Below is a set of records; restate each one word for word.

Dataset entries
——————

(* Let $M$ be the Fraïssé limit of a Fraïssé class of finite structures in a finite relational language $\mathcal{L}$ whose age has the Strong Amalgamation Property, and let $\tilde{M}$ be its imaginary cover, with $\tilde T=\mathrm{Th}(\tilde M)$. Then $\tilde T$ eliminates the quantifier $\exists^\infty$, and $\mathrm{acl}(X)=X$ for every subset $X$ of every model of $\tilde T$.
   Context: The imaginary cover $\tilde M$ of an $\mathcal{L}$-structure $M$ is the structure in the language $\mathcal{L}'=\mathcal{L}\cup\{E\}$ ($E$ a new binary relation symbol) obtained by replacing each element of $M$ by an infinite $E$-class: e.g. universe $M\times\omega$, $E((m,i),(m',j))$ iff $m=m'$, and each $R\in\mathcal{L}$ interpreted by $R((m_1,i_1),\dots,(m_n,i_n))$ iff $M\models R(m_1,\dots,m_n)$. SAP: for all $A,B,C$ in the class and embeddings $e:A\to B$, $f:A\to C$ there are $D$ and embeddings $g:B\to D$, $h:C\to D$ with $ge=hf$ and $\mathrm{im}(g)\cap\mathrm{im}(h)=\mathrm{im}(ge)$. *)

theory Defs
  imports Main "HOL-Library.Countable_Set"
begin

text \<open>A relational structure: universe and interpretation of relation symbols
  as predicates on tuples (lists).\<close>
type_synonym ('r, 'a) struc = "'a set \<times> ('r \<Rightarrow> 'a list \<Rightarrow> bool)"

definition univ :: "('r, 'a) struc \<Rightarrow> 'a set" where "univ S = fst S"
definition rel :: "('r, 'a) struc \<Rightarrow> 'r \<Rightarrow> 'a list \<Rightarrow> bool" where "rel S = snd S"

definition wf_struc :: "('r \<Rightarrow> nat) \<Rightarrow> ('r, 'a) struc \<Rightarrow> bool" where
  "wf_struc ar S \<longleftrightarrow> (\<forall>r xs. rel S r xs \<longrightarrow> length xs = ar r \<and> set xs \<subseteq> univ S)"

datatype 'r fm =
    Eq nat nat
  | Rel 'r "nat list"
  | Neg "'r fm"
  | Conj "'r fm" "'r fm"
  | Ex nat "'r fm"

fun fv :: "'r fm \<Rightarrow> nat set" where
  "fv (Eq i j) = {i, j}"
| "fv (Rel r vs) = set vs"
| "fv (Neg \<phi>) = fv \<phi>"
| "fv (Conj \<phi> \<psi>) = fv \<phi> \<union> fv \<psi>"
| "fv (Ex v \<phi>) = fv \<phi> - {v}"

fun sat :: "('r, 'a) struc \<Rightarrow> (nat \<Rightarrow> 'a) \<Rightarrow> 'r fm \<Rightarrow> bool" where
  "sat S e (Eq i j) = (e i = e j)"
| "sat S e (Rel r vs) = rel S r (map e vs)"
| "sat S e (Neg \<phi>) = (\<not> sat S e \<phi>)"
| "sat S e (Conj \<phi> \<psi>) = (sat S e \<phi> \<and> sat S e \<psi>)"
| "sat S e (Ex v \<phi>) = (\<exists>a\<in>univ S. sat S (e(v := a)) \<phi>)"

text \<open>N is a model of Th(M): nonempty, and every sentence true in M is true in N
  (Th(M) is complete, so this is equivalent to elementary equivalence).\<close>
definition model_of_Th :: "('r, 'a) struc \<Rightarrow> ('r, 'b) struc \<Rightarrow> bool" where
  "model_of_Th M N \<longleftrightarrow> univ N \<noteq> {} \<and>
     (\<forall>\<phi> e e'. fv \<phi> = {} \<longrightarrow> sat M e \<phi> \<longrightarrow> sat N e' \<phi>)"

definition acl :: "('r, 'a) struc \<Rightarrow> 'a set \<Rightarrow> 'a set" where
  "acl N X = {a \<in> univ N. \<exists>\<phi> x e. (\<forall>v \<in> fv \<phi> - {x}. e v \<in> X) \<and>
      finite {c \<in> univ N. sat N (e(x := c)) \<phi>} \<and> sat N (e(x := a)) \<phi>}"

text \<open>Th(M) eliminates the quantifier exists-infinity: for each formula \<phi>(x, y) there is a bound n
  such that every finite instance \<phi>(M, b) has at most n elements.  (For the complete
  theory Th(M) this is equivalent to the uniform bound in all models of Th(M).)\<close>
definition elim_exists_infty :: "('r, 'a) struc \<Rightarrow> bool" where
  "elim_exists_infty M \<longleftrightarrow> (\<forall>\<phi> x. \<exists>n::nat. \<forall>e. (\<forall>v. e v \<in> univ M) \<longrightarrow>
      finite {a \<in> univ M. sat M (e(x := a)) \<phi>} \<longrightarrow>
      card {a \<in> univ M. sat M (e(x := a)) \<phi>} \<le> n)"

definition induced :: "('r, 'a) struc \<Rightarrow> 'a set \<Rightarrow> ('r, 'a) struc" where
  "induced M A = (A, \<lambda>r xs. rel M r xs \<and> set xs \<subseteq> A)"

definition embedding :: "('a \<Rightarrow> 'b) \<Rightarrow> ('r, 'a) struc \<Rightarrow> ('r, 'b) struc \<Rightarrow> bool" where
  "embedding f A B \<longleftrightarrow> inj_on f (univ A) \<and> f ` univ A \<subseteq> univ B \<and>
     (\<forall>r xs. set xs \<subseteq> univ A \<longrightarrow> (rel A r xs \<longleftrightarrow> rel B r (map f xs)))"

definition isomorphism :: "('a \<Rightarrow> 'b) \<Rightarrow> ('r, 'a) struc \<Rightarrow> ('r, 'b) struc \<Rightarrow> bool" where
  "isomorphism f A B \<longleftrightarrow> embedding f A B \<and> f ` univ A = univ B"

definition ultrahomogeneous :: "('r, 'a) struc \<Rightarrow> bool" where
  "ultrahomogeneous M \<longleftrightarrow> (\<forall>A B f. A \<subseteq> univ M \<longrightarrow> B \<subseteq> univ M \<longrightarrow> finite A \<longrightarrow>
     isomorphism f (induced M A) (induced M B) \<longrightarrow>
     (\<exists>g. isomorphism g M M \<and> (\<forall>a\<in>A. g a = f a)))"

——————

### Result:
(* Let $M$ be the Fraïssé limit of a Fraïssé class of finite structures in a finite relational language $\mathcal{L}$ whose age has the Strong Amalgamation Property, and let $\tilde{M}$ be its imaginary cover, with $\tilde T=\mathrm{Th}(\tilde M)$. Then $\tilde T$ eliminates the quantifier $\exists^\infty$, and $\mathrm{acl}(X)=X$ for every subset $X$ of every model of $\tilde T$.
   Context: The imaginary cover $\tilde M$ of an $\mathcal{L}$-structure $M$ is the structure in the language $\mathcal{L}'=\mathcal{L}\cup\{E\}$ ($E$ a new binary relation symbol) obtained by replacing each element of $M$ by an infinite $E$-class: e.g. universe $M\times\omega$, $E((m,i),(m',j))$ iff $m=m'$, and each $R\in\mathcal{L}$ interpreted by $R((m_1,i_1),\dots,(m_n,i_n))$ iff $M\models R(m_1,\dots,m_n)$. SAP: for all $A,B,C$ in the class and embeddings $e:A\to B$, $f:A\to C$ there are $D$ and embeddings $g:B\to D$, $h:C\to D$ with $ge=hf$ and $\mathrm{im}(g)\cap\mathrm{im}(h)=\mathrm{im}(ge)$. *)

theory Defs
  imports Main "HOL-Library.Countable_Set"
begin

text \<open>A relational structure: universe and interpretation of relation symbols
  as predicates on tuples (lists).\<close>
type_synonym ('r, 'a) struc = "'a set \<times> ('r \<Rightarrow> 'a list \<Rightarrow> bool)"

definition univ :: "('r, 'a) struc \<Rightarrow> 'a set" where "univ S = fst S"
definition rel :: "('r, 'a) struc \<Rightarrow> 'r \<Rightarrow> 'a list \<Rightarrow> bool" where "rel S = snd S"

definition wf_struc :: "('r \<Rightarrow> nat) \<Rightarrow> ('r, 'a) struc \<Rightarrow> bool" where
  "wf_struc ar S \<longleftrightarrow> (\<forall>r xs. rel S r xs \<longrightarrow> length xs = ar r \<and> set xs \<subseteq> univ S)"

datatype 'r fm =
    Eq nat nat
  | Rel 'r "nat list"
  | Neg "'r fm"
  | Conj "'r fm" "'r fm"
  | Ex nat "'r fm"

fun fv :: "'r fm \<Rightarrow> nat set" where
  "fv (Eq i j) = {i, j}"
| "fv (Rel r vs) = set vs"
| "fv (Neg \<phi>) = fv \<phi>"
| "fv (Conj \<phi> \<psi>) = fv \<phi> \<union> fv \<psi>"
| "fv (Ex v \<phi>) = fv \<phi> - {v}"

fun sat :: "('r, 'a) struc \<Rightarrow> (nat \<Rightarrow> 'a) \<Rightarrow> 'r fm \<Rightarrow> bool" where
  "sat S e (Eq i j) = (e i = e j)"
| "sat S e (Rel r vs) = rel S r (map e vs)"
| "sat S e (Neg \<phi>) = (\<not> sat S e \<phi>)"
| "sat S e (Conj \<phi> \<psi>) = (sat S e \<phi> \<and> sat S e \<psi>)"
| "sat S e (Ex v \<phi>) = (\<exists>a\<in>univ S. sat S (e(v := a)) \<phi>)"

text \<open>N is a model of Th(M): nonempty, and every sentence true in M is true in N
  (Th(M) is complete, so this is equivalent to elementary equivalence).\<close>
definition model_of_Th :: "('r, 'a) struc \<Rightarrow> ('r, 'b) struc \<Rightarrow> bool" where
  "model_of_Th M N \<longleftrightarrow> univ N \<noteq> {} \<and>
     (\<forall>\<phi> e e'. fv \<phi> = {} \<longrightarrow> sat M e \<phi> \<longrightarrow> sat N e' \<phi>)"

definition acl :: "('r, 'a) struc \<Rightarrow> 'a set \<Rightarrow> 'a set" where
  "acl N X = {a \<in> univ N. \<exists>\<phi> x e. (\<forall>v \<in> fv \<phi> - {x}. e v \<in> X) \<and>
      finite {c \<in> univ N. sat N (e(x := c)) \<phi>} \<and> sat N (e(x := a)) \<phi>}"

text \<open>Th(M) eliminates the quantifier exists-infinity: for each formula \<phi>(x, y) there is a bound n
  such that every finite instance \<phi>(M, b) has at most n elements.  (For the complete
  theory Th(M) this is equivalent to the uniform bound in all models of Th(M).)\<close>
definition elim_exists_infty :: "('r, 'a) struc \<Rightarrow> bool" where
  "elim_exists_infty M \<longleftrightarrow> (\<forall>\<phi> x. \<exists>n::nat. \<forall>e. (\<forall>v. e v \<in> univ M) \<longrightarrow>
      finite {a \<in> univ M. sat M (e(x := a)) \<phi>} \<longrightarrow>
      card {a \<in> univ M. sat M (e(x := a)) \<phi>} \<le> n)"

definition induced :: "('r, 'a) struc \<Rightarrow> 'a set \<Rightarrow> ('r, 'a) struc" where
  "induced M A = (A, \<lambda>r xs. rel M r xs \<and> set xs \<subseteq> A)"

definition embedding :: "('a \<Rightarrow> 'b) \<Rightarrow> ('r, 'a) struc \<Rightarrow> ('r, 'b) struc \<Rightarrow> bool" where
  "embedding f A B \<longleftrightarrow> inj_on f (univ A) \<and> f ` univ A \<subseteq> univ B \<and>
     (\<forall>r xs. set xs \<subseteq> univ A \<longrightarrow> (rel A r xs \<longleftrightarrow> rel B r (map f xs)))"

definition isomorphism :: "('a \<Rightarrow> 'b) \<Rightarrow> ('r, 'a) struc \<Rightarrow> ('r, 'b) struc \<Rightarrow> bool" where
  "isomorphism f A B \<longleftrightarrow> embedding f A B \<and> f ` univ A = univ B"

definition ultrahomogeneous :: "('r, 'a) struc \<Rightarrow> bool" where
  "ultrahomogeneous M \<longleftrightarrow> (\<forall>A B f. A \<subseteq> univ M \<longrightarrow> B \<subseteq> univ M \<longrightarrow> finite A \<longrightarrow>
     isomorphism f (induced M A) (induced M B) \<longrightarrow>
     (\<exists>g. isomorphism g M M \<and> (\<forall>a\<in>A. g a = f a)))"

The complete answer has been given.